▶ _EXERCISE DIRECTIONS_:
Would you return, word for word, the lines of the data below from the line with "bool) \<Rightarrow> (nat \<Rightarrow> 'a::euclidean_space)" through the line with "X xs \<longleftrightarrow>", and no others?

:::::

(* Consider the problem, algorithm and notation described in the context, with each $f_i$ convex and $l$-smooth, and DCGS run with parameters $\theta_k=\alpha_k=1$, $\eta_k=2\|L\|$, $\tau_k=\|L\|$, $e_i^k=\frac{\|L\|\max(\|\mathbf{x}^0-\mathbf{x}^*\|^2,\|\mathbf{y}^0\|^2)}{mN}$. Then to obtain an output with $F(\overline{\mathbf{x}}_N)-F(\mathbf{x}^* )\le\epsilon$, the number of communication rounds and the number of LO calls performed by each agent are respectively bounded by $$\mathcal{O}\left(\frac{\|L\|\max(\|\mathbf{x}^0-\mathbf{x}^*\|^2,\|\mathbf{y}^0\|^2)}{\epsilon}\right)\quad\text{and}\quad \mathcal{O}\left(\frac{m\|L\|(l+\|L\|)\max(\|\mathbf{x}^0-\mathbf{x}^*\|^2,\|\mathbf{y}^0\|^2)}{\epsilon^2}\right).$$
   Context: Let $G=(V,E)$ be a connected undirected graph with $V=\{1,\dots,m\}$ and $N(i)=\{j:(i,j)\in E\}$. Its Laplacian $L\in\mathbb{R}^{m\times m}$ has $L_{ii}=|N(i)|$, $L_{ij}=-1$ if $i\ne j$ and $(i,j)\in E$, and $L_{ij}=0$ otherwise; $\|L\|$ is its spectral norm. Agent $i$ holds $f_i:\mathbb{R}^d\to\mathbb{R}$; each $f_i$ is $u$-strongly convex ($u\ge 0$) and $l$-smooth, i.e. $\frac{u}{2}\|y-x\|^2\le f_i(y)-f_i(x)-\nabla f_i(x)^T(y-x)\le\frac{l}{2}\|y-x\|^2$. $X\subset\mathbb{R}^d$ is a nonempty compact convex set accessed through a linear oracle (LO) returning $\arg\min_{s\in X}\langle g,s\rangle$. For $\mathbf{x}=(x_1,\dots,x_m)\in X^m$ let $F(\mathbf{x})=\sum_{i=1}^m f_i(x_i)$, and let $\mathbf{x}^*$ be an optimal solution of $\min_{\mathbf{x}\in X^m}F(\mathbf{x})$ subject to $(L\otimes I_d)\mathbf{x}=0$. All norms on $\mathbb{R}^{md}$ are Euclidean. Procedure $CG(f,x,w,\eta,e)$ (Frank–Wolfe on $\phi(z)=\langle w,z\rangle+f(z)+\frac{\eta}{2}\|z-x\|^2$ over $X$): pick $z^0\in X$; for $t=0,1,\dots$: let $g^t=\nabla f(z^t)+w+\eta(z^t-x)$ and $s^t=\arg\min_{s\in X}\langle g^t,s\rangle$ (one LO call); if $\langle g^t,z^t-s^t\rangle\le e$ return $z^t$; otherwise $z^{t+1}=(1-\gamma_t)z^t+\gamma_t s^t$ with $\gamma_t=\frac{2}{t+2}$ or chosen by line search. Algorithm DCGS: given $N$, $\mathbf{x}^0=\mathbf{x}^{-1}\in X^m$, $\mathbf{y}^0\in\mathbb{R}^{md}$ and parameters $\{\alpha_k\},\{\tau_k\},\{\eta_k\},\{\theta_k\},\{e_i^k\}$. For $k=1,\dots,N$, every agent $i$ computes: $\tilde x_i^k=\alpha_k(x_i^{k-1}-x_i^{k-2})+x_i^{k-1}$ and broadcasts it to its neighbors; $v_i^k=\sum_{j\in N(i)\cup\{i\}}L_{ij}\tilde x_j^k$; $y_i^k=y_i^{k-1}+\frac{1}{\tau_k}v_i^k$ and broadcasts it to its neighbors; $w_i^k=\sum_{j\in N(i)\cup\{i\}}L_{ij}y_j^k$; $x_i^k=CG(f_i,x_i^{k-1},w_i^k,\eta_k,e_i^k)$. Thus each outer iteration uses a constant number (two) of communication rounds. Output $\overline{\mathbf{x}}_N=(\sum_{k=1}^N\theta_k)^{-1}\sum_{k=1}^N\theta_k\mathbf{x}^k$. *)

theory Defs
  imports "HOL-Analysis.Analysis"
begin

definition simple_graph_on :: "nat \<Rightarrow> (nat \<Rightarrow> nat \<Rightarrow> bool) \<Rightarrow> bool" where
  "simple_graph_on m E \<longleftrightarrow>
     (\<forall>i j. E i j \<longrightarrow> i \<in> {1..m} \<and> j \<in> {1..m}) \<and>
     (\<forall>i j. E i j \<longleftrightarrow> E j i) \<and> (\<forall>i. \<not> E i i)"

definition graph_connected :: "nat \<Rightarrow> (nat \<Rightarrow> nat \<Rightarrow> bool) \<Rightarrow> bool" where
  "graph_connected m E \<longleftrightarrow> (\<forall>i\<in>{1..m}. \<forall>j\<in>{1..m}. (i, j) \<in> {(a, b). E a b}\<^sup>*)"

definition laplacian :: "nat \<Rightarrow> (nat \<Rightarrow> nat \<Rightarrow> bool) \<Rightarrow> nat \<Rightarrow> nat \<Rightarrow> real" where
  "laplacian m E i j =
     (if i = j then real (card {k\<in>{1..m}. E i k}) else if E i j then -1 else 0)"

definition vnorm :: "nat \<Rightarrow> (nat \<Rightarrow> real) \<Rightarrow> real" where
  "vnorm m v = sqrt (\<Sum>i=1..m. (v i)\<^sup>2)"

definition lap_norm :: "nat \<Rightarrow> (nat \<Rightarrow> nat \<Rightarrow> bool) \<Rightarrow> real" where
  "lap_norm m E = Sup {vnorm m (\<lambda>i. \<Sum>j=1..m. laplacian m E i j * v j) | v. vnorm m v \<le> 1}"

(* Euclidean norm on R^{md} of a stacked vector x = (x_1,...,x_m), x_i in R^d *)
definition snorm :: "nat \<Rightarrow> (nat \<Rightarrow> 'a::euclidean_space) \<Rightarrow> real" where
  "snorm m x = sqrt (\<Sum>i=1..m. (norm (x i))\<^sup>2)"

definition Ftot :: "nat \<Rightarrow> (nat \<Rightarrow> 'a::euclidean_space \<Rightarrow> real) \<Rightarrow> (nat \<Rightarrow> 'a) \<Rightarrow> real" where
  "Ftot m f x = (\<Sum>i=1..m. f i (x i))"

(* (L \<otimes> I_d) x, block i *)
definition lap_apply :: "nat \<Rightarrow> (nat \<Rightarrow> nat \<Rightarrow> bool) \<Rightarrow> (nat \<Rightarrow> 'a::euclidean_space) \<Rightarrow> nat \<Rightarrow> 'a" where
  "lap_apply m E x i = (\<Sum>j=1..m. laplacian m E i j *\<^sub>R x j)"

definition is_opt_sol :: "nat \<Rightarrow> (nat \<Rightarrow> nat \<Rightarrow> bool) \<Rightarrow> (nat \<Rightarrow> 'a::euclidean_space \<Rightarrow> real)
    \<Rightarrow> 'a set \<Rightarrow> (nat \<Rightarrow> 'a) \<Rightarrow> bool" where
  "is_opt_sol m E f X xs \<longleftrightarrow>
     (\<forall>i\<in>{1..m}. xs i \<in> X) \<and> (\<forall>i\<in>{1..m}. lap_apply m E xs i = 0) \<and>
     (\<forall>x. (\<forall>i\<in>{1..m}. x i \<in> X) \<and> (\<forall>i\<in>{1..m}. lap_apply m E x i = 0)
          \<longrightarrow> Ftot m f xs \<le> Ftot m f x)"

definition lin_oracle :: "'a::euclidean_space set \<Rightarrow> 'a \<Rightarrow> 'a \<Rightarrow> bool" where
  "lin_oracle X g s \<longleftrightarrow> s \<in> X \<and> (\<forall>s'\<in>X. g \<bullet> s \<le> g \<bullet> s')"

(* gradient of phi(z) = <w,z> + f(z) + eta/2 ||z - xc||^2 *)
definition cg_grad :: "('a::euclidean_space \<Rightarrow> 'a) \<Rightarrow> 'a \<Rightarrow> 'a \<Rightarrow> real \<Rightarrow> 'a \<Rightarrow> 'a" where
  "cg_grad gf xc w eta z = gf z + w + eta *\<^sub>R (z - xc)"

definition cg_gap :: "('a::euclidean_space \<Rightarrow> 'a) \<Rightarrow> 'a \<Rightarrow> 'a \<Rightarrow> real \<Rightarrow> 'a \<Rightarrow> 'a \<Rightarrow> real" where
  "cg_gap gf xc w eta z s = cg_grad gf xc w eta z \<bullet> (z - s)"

:::::

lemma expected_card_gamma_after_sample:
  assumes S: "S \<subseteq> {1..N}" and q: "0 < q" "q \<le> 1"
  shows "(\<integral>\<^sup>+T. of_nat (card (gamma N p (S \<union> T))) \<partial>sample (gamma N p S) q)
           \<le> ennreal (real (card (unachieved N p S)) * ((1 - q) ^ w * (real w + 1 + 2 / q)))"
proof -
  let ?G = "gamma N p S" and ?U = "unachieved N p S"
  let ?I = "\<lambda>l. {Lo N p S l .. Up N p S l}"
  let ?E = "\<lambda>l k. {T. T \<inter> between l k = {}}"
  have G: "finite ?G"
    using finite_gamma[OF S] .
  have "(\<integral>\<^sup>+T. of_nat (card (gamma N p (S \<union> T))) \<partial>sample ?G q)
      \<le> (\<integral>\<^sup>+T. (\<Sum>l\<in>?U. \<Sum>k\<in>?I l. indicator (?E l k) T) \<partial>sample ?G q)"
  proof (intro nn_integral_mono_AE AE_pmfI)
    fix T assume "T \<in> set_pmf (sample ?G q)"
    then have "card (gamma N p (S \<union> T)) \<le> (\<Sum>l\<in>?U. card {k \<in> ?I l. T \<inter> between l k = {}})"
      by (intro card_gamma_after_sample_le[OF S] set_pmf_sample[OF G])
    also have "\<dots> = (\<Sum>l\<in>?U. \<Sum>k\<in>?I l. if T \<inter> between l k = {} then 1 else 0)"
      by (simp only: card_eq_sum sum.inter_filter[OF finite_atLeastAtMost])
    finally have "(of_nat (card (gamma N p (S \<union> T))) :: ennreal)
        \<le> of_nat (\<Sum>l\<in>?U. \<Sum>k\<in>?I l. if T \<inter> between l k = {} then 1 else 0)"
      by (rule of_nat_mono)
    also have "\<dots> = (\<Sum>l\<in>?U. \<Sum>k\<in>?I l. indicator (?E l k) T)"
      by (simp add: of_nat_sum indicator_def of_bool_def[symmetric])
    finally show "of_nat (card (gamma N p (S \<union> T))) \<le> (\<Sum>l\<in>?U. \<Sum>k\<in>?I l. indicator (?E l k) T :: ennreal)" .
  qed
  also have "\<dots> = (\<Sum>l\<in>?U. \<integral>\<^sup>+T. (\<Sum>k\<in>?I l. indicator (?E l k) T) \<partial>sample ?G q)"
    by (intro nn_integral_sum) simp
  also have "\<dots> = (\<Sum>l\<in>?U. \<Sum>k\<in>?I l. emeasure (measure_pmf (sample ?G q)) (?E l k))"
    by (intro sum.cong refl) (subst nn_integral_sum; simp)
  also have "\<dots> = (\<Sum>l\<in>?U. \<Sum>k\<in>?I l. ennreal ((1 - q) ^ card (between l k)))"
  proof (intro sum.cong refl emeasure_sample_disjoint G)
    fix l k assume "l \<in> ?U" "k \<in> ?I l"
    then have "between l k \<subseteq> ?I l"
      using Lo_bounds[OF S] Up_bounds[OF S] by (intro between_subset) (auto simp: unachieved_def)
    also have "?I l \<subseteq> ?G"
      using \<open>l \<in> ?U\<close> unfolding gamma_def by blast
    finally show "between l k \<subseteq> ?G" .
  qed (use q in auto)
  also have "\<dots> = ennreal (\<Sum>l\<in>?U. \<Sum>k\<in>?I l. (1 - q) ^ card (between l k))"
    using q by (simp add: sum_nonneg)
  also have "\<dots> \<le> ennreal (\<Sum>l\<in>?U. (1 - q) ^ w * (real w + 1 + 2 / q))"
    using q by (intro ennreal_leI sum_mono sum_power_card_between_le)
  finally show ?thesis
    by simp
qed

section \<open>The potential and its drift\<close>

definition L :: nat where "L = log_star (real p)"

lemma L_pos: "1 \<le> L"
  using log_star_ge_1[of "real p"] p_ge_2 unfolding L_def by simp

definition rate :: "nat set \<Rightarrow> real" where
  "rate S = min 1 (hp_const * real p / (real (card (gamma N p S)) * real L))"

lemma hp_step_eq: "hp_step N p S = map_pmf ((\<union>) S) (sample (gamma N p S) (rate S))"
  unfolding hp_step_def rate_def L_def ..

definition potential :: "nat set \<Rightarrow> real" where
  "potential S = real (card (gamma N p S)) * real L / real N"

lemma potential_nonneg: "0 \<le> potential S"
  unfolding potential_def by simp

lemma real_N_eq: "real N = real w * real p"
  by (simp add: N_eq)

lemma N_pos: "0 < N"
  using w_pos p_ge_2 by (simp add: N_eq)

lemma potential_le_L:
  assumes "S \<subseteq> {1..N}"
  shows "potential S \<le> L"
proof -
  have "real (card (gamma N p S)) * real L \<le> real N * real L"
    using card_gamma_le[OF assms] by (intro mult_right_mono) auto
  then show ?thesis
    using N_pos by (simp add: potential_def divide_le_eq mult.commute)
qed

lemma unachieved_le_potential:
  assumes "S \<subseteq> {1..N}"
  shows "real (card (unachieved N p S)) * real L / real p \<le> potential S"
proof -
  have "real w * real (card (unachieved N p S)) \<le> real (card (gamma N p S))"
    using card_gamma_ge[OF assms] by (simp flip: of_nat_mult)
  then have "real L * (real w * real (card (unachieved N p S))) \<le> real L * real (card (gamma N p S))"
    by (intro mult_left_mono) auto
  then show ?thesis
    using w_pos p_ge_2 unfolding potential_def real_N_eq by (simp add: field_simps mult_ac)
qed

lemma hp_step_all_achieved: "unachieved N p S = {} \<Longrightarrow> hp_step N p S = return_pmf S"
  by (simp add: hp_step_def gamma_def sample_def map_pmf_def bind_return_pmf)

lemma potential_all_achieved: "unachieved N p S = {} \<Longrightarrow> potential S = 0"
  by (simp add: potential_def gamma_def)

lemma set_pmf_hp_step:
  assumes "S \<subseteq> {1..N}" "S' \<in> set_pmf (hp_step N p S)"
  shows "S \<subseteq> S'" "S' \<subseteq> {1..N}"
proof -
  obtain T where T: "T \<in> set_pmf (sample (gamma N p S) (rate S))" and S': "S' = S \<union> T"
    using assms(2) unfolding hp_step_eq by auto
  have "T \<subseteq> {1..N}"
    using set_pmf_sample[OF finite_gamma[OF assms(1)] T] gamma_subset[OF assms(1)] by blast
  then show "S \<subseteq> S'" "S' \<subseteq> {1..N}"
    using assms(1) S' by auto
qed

:::::

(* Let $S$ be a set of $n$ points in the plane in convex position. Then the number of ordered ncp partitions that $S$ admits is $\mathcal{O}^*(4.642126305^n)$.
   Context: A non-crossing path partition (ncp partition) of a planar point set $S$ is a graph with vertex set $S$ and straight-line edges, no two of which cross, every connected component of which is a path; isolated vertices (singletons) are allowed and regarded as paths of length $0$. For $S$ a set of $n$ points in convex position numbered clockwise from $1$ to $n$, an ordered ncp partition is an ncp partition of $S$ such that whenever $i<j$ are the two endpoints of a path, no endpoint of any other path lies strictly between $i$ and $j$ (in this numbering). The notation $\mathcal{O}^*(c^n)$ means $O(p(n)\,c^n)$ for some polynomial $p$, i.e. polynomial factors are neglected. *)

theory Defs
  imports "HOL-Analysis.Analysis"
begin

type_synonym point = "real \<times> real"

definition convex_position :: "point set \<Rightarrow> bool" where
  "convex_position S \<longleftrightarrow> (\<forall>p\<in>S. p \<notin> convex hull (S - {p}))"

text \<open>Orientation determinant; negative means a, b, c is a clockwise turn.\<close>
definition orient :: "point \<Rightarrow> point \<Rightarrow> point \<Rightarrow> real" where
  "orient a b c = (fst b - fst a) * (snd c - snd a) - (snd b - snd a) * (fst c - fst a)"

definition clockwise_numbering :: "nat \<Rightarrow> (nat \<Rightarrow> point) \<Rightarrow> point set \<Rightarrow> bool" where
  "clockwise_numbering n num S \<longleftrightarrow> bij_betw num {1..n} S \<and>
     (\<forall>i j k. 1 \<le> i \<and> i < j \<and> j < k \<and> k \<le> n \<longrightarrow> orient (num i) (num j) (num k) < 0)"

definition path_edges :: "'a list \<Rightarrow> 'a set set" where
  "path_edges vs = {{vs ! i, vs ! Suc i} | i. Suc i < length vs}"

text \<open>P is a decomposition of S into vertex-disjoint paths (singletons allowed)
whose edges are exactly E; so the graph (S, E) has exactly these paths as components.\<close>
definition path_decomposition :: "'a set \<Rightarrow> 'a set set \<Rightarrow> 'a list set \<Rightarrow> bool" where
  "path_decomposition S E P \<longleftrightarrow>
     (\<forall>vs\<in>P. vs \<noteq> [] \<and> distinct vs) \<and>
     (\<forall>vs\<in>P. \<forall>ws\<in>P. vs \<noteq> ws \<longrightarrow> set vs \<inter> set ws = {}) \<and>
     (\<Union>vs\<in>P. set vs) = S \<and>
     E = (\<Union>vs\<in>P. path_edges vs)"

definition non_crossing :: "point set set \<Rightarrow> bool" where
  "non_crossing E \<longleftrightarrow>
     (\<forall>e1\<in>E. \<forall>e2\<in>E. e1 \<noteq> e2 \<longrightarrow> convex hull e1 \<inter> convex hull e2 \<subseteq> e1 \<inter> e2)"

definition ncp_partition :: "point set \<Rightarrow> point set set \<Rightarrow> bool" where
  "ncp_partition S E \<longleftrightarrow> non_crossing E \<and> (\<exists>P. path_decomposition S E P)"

:::::

▶ _RESPONSE FOR THIS EXERCISE_:
definition lap_apply :: "nat \<Rightarrow> (nat \<Rightarrow> nat \<Rightarrow> bool) \<Rightarrow> (nat \<Rightarrow> 'a::euclidean_space) \<Rightarrow> nat \<Rightarrow> 'a" where
  "lap_apply m E x i = (\<Sum>j=1..m. laplacian m E i j *\<^sub>R x j)"

definition is_opt_sol :: "nat \<Rightarrow> (nat \<Rightarrow> nat \<Rightarrow> bool) \<Rightarrow> (nat \<Rightarrow> 'a::euclidean_space \<Rightarrow> real)
    \<Rightarrow> 'a set \<Rightarrow> (nat \<Rightarrow> 'a) \<Rightarrow> bool" where
  "is_opt_sol m E f X xs \<longleftrightarrow>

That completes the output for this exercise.